Oh, and if your kids complain that it was hardly worth the effort you can look at them and say “welcome to the work world.”
We seem to get stuck on the 3rd R of the 3 R’s, if you begin with Reduce, you will have less to recycle. The reason there isn’t more value in recyclable materials is the demand. We need to complete the cycle and buy recycled content. The other thing you need to consider is the cost you will be paying when the landfill your city currently uses becomes full. Where I live we will be looking for a new location in the next few years, with all the urban sprawl, I’m afraid of how far away they will need to build it and how much more it will cost to ship it there. You are saving yourself money with every cubic foot you pull from the waste stream, we are running out of locations to build landfills in many states, some east coast states already have to burn their garbage and decrease air quality or pay huge fees to ship it to another state.
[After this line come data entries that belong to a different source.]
lemma integrable_mult_L2:
  assumes "u \<in> L2 \<Omega>" "w \<in> L2 \<Omega>"
  shows "integrable (lebesgue_on \<Omega>) (\<lambda>x. u x * w x)"
proof (rule Bochner_Integration.integrable_bound)
  show "integrable (lebesgue_on \<Omega>) (\<lambda>x. (u x)^2 + (w x)^2)"
    using assms by (auto simp: L2_def)
  show "(\<lambda>x. u x * w x) \<in> borel_measurable (lebesgue_on \<Omega>)"
    using assms by (auto simp: L2_def)
  have "\<bar>a * c\<bar> \<le> a^2 + c^2" for a c :: real
  proof -
    have "2 * (\<bar>a\<bar> * \<bar>c\<bar>) \<le> a^2 + c^2"
      using sum_squares_bound[of "\<bar>a\<bar>" "\<bar>c\<bar>"] by (simp add: mult.assoc)
    moreover have "0 \<le> \<bar>a\<bar> * \<bar>c\<bar>"
      by simp
    ultimately show ?thesis
      unfolding abs_mult by linarith
  qed
  then show "AE x in lebesgue_on \<Omega>. norm (u x * w x) \<le> norm ((u x)^2 + (w x)^2)"
    by auto
qed

lemma L0_norm_eq_integral:
  assumes \<Omega>: "\<Omega> \<in> sets lebesgue" and u: "u \<in> borel_measurable (lebesgue_on \<Omega>)"
  shows "L0_norm \<Omega> u = (LINT x|lebesgue_on \<Omega>. card0 (u x))"
proof -
  have "{x \<in> space (lebesgue_on \<Omega>). u x \<noteq> 0} \<in> sets (lebesgue_on \<Omega>)"
    using u by measurable
  then have S: "{x \<in> \<Omega>. u x \<noteq> 0} \<in> sets (lebesgue_on \<Omega>)"
    by simp
  have "(LINT x|lebesgue_on \<Omega>. card0 (u x)) = (LINT x|lebesgue_on \<Omega>. indicator {x \<in> \<Omega>. u x \<noteq> 0} x)"
    by (rule Bochner_Integration.integral_cong) (auto simp: card0_def indicator_def)
  also have "\<dots> = measure lebesgue {x \<in> \<Omega>. u x \<noteq> 0}"
    using S \<Omega> by (simp add: Int_absorb2 measure_restrict_space)
  finally show ?thesis
    by (simp add: L0_norm_def)
qed

lemma
  assumes \<Omega>: "\<Omega> \<in> lmeasurable" and G: "G \<in> L2 \<Omega>" and u: "u \<in> L2 \<Omega>"
  shows integrable_pw_obj: "integrable (lebesgue_on \<Omega>) (\<lambda>x. pw_obj \<alpha> \<beta> (G x) (u x))"
    and integral_pw_obj: "(LINT x|lebesgue_on \<Omega>. pw_obj \<alpha> \<beta> (G x) (u x))
      = (LINT x|lebesgue_on \<Omega>. G x * u x) + gfun \<Omega> \<alpha> \<beta> u"
proof -
  interpret finite_measure "lebesgue_on \<Omega>"
    using \<Omega> by (rule finite_measure_lebesgue_on)
  have u_meas[measurable]: "u \<in> borel_measurable (lebesgue_on \<Omega>)"
    and u2: "integrable (lebesgue_on \<Omega>) (\<lambda>x. (u x)^2)"
    using u by (auto simp: L2_def)
  have card0: "integrable (lebesgue_on \<Omega>) (\<lambda>x. card0 (u x))"
    by (rule Bochner_Integration.integrable_bound[OF integrable_const[of "1::real"]])
       (auto simp: card0_def)
  have Gu: "integrable (lebesgue_on \<Omega>) (\<lambda>x. G x * u x)"
    using G u by (rule integrable_mult_L2)
  show "integrable (lebesgue_on \<Omega>) (\<lambda>x. pw_obj \<alpha> \<beta> (G x) (u x))"
    unfolding pw_obj_def using Gu u2 card0 by auto
  have "(LINT x|lebesgue_on \<Omega>. (u x)^2) \<ge> 0"
    by simp
  then have "gfun \<Omega> \<alpha> \<beta> u = \<alpha> / 2 * (LINT x|lebesgue_on \<Omega>. (u x)^2) + \<beta> * (LINT x|lebesgue_on \<Omega>. card0 (u x))"
    using \<Omega> by (simp add: gfun_def L2_norm_def L0_norm_eq_integral fmeasurableD)
  then show "(LINT x|lebesgue_on \<Omega>. pw_obj \<alpha> \<beta> (G x) (u x))
      = (LINT x|lebesgue_on \<Omega>. G x * u x) + gfun \<Omega> \<alpha> \<beta> u"
    unfolding pw_obj_def using Gu u2 card0
    by (simp add: Bochner_Integration.integral_add integrable_add)
qed

lemma gfun_diff_eq_integral:
  assumes \<Omega>: "\<Omega> \<in> lmeasurable" and G: "G \<in> L2 \<Omega>" and u: "u \<in> L2 \<Omega>" and w: "w \<in> L2 \<Omega>"
  shows "gfun \<Omega> \<alpha> \<beta> u - gfun \<Omega> \<alpha> \<beta> w
    = (LINT x|lebesgue_on \<Omega>. pw_obj \<alpha> \<beta> (G x) (u x) - pw_obj \<alpha> \<beta> (G x) (w x))
      - (LINT x|lebesgue_on \<Omega>. G x * (u x - w x))"
proof -
  have "(LINT x|lebesgue_on \<Omega>. G x * (u x - w x))
      = (LINT x|lebesgue_on \<Omega>. G x * u x) - (LINT x|lebesgue_on \<Omega>. G x * w x)"
    using integrable_mult_L2[OF G u] integrable_mult_L2[OF G w]
    by (simp add: right_diff_distrib Bochner_Integration.integral_diff)
  then show ?thesis
    using integral_pw_obj[OF \<Omega> G u] integral_pw_obj[OF \<Omega> G w]
      integrable_pw_obj[OF \<Omega> G u] integrable_pw_obj[OF \<Omega> G w]
    by (simp add: Bochner_Integration.integral_diff)
qed

lemma
  assumes \<Omega>: "\<Omega> \<in> lmeasurable" and E: "E \<in> sets (lebesgue_on \<Omega>)"
    and w: "w \<in> borel_measurable (lebesgue_on \<Omega>)"
    and dom: "AE x in lebesgue_on \<Omega>. \<bar>w x\<bar> \<le> C * indicator E x"
  shows L1_norm_le_indicator_bound: "L1_norm \<Omega> w \<le> C * measure (lebesgue_on \<Omega>) E"
    and Lp_norm_le_indicator_bound:
      "C \<ge> 0 \<Longrightarrow> p > 0 \<Longrightarrow> Lp_norm \<Omega> p w \<le> ereal (C * measure (lebesgue_on \<Omega>) E powr (1 / p))"
proof -
  interpret finite_measure "lebesgue_on \<Omega>"
    using \<Omega> by (rule finite_measure_lebesgue_on)
  have ind_int: "integrable (lebesgue_on \<Omega>) (\<lambda>x. c * indicator E x)" for c :: real
    using integrable_real_mult_indicator[OF E integrable_const[of c]] by simp
  have ind_lint: "(LINT x|lebesgue_on \<Omega>. c * indicator E x) = c * measure (lebesgue_on \<Omega>) E" for c :: real
    using sets.sets_into_space[OF E] by (simp add: Int_absorb2)
  show "L1_norm \<Omega> w \<le> C * measure (lebesgue_on \<Omega>) E"
    unfolding L1_norm_def ind_lint[symmetric] using dom w
    by (intro integral_mono_AE ind_int Bochner_Integration.integrable_bound[OF ind_int[of C]])
       (auto elim!: eventually_mono)
  show "Lp_norm \<Omega> p w \<le> ereal (C * measure (lebesgue_on \<Omega>) E powr (1 / p))"
    if C: "C \<ge> 0" and p: "p > 0"
  proof -
    have dom_p: "AE x in lebesgue_on \<Omega>. \<bar>w x\<bar> powr p \<le> C powr p * indicator E x"
      using dom by eventually_elim (use C p in \<open>auto intro!: powr_mono2 simp: indicator_def split: if_splits\<close>)
    have int_p: "integrable (lebesgue_on \<Omega>) (\<lambda>x. \<bar>w x\<bar> powr p)"
      using dom_p w by (intro Bochner_Integration.integrable_bound[OF ind_int[of "C powr p"]])
        (auto elim!: eventually_mono)
    have "(LINT x|lebesgue_on \<Omega>. \<bar>w x\<bar> powr p) \<le> C powr p * measure (lebesgue_on \<Omega>) E"
      unfolding ind_lint[symmetric] using dom_p by (intro integral_mono_AE int_p ind_int)
    then have "(LINT x|lebesgue_on \<Omega>. \<bar>w x\<bar> powr p) powr (1 / p)
        \<le> (C powr p * measure (lebesgue_on \<Omega>) E) powr (1 / p)"
      using p by (intro powr_mono2) auto
    also have "\<dots> = C * measure (lebesgue_on \<Omega>) E powr (1 / p)"
      using C p by (simp add: powr_mult powr_powr)
    finally show ?thesis
      using int_p by (simp add: Lp_norm_def)
  qed
qed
If you’re only recycling for the money, you’ve missed the ENTIRE concept! We dont need to recycle to get change……we need to recycle to MAKE change. To change the way landfills are constantly used, to change the way manufacturers package, to change our own habits. At the rate we’re going our grandchildren’s children wont have any resources left…………..trees will live in museums. Get the correct attitude and recycle to SAVE our planet. Or either put in to be one of the first to colonize the moon.
Unfortunately recycling is a necessary thing to do to sustain many of our planet’s natural resources and for now it is a pain sometimes but there are a variety of technologies that will soon allow us to recycle much easier, not having to sort anything and perhaps even letting it be included with trash. If you want to read more about if recycling is really worth it, you can check out this recent article: http://www.popularmechanics.com/home_journal/how_your_house_works/4291566.html
The concept is well intended, but it’s always destroyed through implementation.
Municipal recycling is not meant to be eco-friendly, but pork for the sanitation company supporting the local politicians.
And at least you get paid for the recyclables. I pay for mine with property taxes.
Ultimately, being green requires a collection of individual decisions, not communal “laziness”. You’re starting to get it.
Good luck!
I read some where, that I think it was New York or New York city, stopped doing glass because it wasnt even cost efficient? I saw once tons of glass being conveyer belted into a huge cargo ship heading to some foriegn nation for processing, how green is that!! Where I use to live, I liked the ideas that the neighborhood kinda left thier recyclables in a bundle for those going thru the rubbish. To me, that was recycling to its best intent. It was horrid when the city gave out bins, and tickets to the people who really needed the money.